Стратегия 1: Консолидировать защиту сетей в рамках одной организационной структуры

Первая стратегия наиболее очевидна, но она реже всего используется: консолидировать функции по защите компьютерных сетей (CND) в рамках одной организационной структуры, для которой это будет единственная задача. Как обсуждалось в Разделе 2.8, SOC должны быть способны реагировать со скоростью, соответствующей действиям противника. Элементы CND должны быть тесно взаимосвязаны. Возложение задачи по обеспечению защиты сетей на одну структуру позволяет добиться следующего:

  • Операции синхронизируются между элементами CND.
  • Задачи по обнаружению и реагированию выполняются продуктивно без ущерба для точности, эффективности или релевантности.
  • Ресурсы на обеспечение защиты сетей можно задействовать максимально полно.
  • Данные, составляющие ситуационную осведомленность, и данные об инцидентах поступают операторам защиты сетей и на инструменты в замкнутом цикле.
  • Консолидированные непротиворечивые данные, составляющие ситуационную осведомленность, предоставляются руководителю по реагированию на инциденты и его цепочке управления.

В результате, мы выделяем пять неразрывных составляющих обеспечения защиты компьютерных сетей, которые должны находиться под одной командной структурой:

  1. Мониторинг и приоритизация в реальном времени (Линия 1).
  2. Анализ инцидентов, координация и реагирование (Линия 2 и выше).
  3. Сбор и анализ данных киберразведки.
  4. Настройка и управление сенсорами, использование и поддержка инфраструктуры SOC.
  5. Разработка и развертывание инструментария SOC.

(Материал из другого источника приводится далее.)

(* Let $T\ge 1$ and, for $t=1,\dots,T$, let $X_t\in\mathbb{R}^{n_t\times p}$ be random design matrices, and let $y_t=X_t\beta+\epsilon_t$, where $\beta\in\mathbb{R}^p$ is deterministic and the noise vectors $\epsilon_t\in\mathbb{R}^{n_t}$ have entries (across all $t$) that are i.i.d. with mean $0$ and variance $\sigma^2$, independent of $X=(X_1^\top,\dots,X_T^\top)^\top$. Let $\lambda_1,\dots,\lambda_T>0$, $\hat\Sigma_t=\frac{1}{n_t}X_t^\top X_t$, $A_t=\lambda_t(\hat\Sigma_t+\lambda_t I_p)^{-1}$, and let $\hat\beta_T$ be the continual ridge estimator (defined in the context). Then for any positive semidefinite $\Sigma_0\in\mathbb{R}^{p\times p}$, $$B_X(\hat\beta_T;\beta,\Sigma_0)=\beta^\top A_1A_2\cdots A_T\Sigma_0A_T\cdots A_2A_1\beta,$$ $$V_X(\hat\beta_T;\beta,\Sigma_0)=\sigma^2\sum_{t=1}^T\frac{1}{\lambda_t n_t}\mathrm{Tr}\big[A_TA_{T-1}\cdots A_{t+1}(A_t-A_t^2)A_{t+1}\cdots A_{T-1}A_T\Sigma_0\big],$$ with the convention that an empty matrix product equals $I_p$.
   Context: Continual ridge estimator: $\hat\beta_0=0$ and for $t=1,\dots,T$, $\hat\beta_t=\arg\min_{b\in\mathbb{R}^p}\{\frac{1}{n_t}\|X_tb-y_t\|^2+\lambda_t\|b-\hat\beta_{t-1}\|^2\}$; equivalently $\hat\beta_t=(\hat\Sigma_t+\lambda_tI_p)^{-1}\frac{1}{n_t}X_t^\top y_t+A_t\hat\beta_{t-1}$. For an estimator $\hat\beta$ and a positive semidefinite matrix $\Sigma_0$, the bias and variance terms are $B_X(\hat\beta;\beta,\Sigma_0)=(\mathbb{E}(\hat\beta\mid X)-\beta)^\top\Sigma_0(\mathbb{E}(\hat\beta\mid X)-\beta)$ and $V_X(\hat\beta;\beta,\Sigma_0)=\mathrm{Tr}(\mathrm{Cov}(\hat\beta\mid X)\Sigma_0)$. *)

theory Defs
  imports "HOL-Analysis.Analysis" "HOL-Probability.Probability"
begin

text \<open>Design matrices: X t i is the i-th row (i < n t) of the n_t x p matrix X_t.
  p x p matrices are real^'p^'p.\<close>

definition outer_prod :: "real^'p \<Rightarrow> real^'p \<Rightarrow> real^'p^'p" where
  "outer_prod u v = (\<chi> i j. u $ i * v $ j)"

definition Sigma_hat :: "(nat \<Rightarrow> nat \<Rightarrow> real^'p) \<Rightarrow> (nat \<Rightarrow> nat) \<Rightarrow> nat \<Rightarrow> real^'p^'p" where
  "Sigma_hat X n t = (1 / real (n t)) *\<^sub>R (\<Sum>i<n t. outer_prod (X t i) (X t i))"

definition A_mat :: "(nat \<Rightarrow> real) \<Rightarrow> (nat \<Rightarrow> nat \<Rightarrow> real^'p) \<Rightarrow> (nat \<Rightarrow> nat) \<Rightarrow> nat \<Rightarrow> real^'p^'p" where
  "A_mat lam X n t = lam t *\<^sub>R matrix_inv (Sigma_hat X n t + lam t *\<^sub>R mat 1)"

definition XTy :: "(nat \<Rightarrow> nat \<Rightarrow> real^'p) \<Rightarrow> (nat \<Rightarrow> nat) \<Rightarrow> nat \<Rightarrow> (nat \<Rightarrow> real) \<Rightarrow> real^'p" where
  "XTy X n t yt = (1 / real (n t)) *\<^sub>R (\<Sum>i<n t. yt i *\<^sub>R X t i)"

text \<open>Continual ridge estimator hat beta_t (closed form from the context), t = 0,1,2,...;
  y t i is the i-th response of task t.\<close>
primrec cridge :: "(nat \<Rightarrow> real) \<Rightarrow> (nat \<Rightarrow> nat \<Rightarrow> real^'p) \<Rightarrow> (nat \<Rightarrow> nat) \<Rightarrow> (nat \<Rightarrow> nat \<Rightarrow> real) \<Rightarrow> nat \<Rightarrow> real^'p" where
  "cridge lam X n y 0 = 0"
| "cridge lam X n y (Suc t) =
     matrix_inv (Sigma_hat X n (Suc t) + lam (Suc t) *\<^sub>R mat 1) *v XTy X n (Suc t) (y (Suc t))
     + A_mat lam X n (Suc t) *v cridge lam X n y t"

definition mprod :: "(nat \<Rightarrow> real^'p^'p) \<Rightarrow> nat list \<Rightarrow> real^'p^'p" where
  "mprod M ks = foldr (\<lambda>k P. M k ** P) ks (mat 1)"

text \<open>Bias and variance terms for a random vector estimator bh on probability space M
  (conditional on the design, which is held fixed here).\<close>
definition mean_vec :: "'a measure \<Rightarrow> ('a \<Rightarrow> real^'p) \<Rightarrow> real^'p" where
  "mean_vec M bh = (\<chi> j. integral\<^sup>L M (\<lambda>\<omega>. bh \<omega> $ j))"

definition cov_mat :: "'a measure \<Rightarrow> ('a \<Rightarrow> real^'p) \<Rightarrow> real^'p^'p" where
  "cov_mat M bh = (\<chi> j k. integral\<^sup>L M (\<lambda>\<omega>. (bh \<omega> $ j - mean_vec M bh $ j) * (bh \<omega> $ k - mean_vec M bh $ k)))"

definition bias_term :: "'a measure \<Rightarrow> ('a \<Rightarrow> real^'p) \<Rightarrow> real^'p \<Rightarrow> real^'p^'p \<Rightarrow> real" where
  "bias_term M bh \<beta> S0 = (mean_vec M bh - \<beta>) \<bullet> (S0 *v (mean_vec M bh - \<beta>))"

definition var_term :: "'a measure \<Rightarrow> ('a \<Rightarrow> real^'p) \<Rightarrow> real^'p^'p \<Rightarrow> real" where
  "var_term M bh S0 = trace (cov_mat M bh ** S0)"

end

theory Submission
  imports Defs
begin

(* Unrolling the recursion gives hat beta_T = sum_t A_T ... A_(t+1) R_t (1/n_t) X_t^T y_t with
   R_t = (hat Sigma_t + lambda_t I)^-1.  For y_t = X_t beta + eps_t the signal part telescopes to
   beta - A_T ... A_1 beta, because R_t hat Sigma_t = I - A_t, while the noise part is a fixed linear
   combination of centred, pairwise uncorrelated errors of variance sigma^2.  Hence the conditional
   mean is beta - A_T ... A_1 beta, which gives the bias, and the conditional covariance is
   sigma^2 sum_t (1/n_t) A_T ... A_(t+1) R_t hat Sigma_t R_t A_(t+1) ... A_T, where
   R_t hat Sigma_t R_t = (A_t - A_t^2) / lambda_t. *)

lemma (in prob_space) indep_vars_imp_indep_var:
  assumes "indep_vars M' X I" "k \<in> I" "l \<in> I" "k \<noteq> l"
  shows "indep_var (M' k) (X k) (M' l) (X l)"
proof -
  have "indep_var (M' k) ((\<lambda>f. f k) \<circ> (\<lambda>\<omega>. restrict (\<lambda>i. X i \<omega>) {k}))
                  (M' l) ((\<lambda>f. f l) \<circ> (\<lambda>\<omega>. restrict (\<lambda>i. X i \<omega>) {l}))"
    using assms by (intro indep_var_compose[OF indep_var_restrict[OF assms(1)]]) auto
  also have "(\<lambda>f. f k) \<circ> (\<lambda>\<omega>. restrict (\<lambda>i. X i \<omega>) {k}) = X k" by auto
  also have "(\<lambda>f. f l) \<circ> (\<lambda>\<omega>. restrict (\<lambda>i. X i \<omega>) {l}) = X l" by auto
  finally show ?thesis .
qed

В Разделе 4.2 рассказывается о различных способах объединения этих элементов в единое целое. На рисунке ниже представлен пример типичной организационной структуры с разделением функциональных обязанностей.

Функции защиты сетей в SOC
Рис. 10. Все функции защиты сетей в SOC

К сожалению, опыт взаимодействия с несколькими десятками правительственных и коммерческих SOC показывает, что задача по обеспечению защиты сетей часто распределяется между несколькими независимыми структурами. Например, мониторинг системы обнаружения вторжений (IDS) (Линия 1) может осуществляться центром управления сетями (NOC), а реагирование на инциденты (Линия 2) – ИТ-подразделением.

Разделение этих основных функций, как правило, приводит к одному или нескольким последствиям:

  1. Сниженный темп действий,
  2. Нарушенные или неэффективные внутренние процессы,
  3. Неэффективное взаимодействие,
  4. Замедление развития системы по защите компьютерных сетей,
  5. Враждебность/недоверие между различными сторонами, участвующими в обеспечении защиты сетей.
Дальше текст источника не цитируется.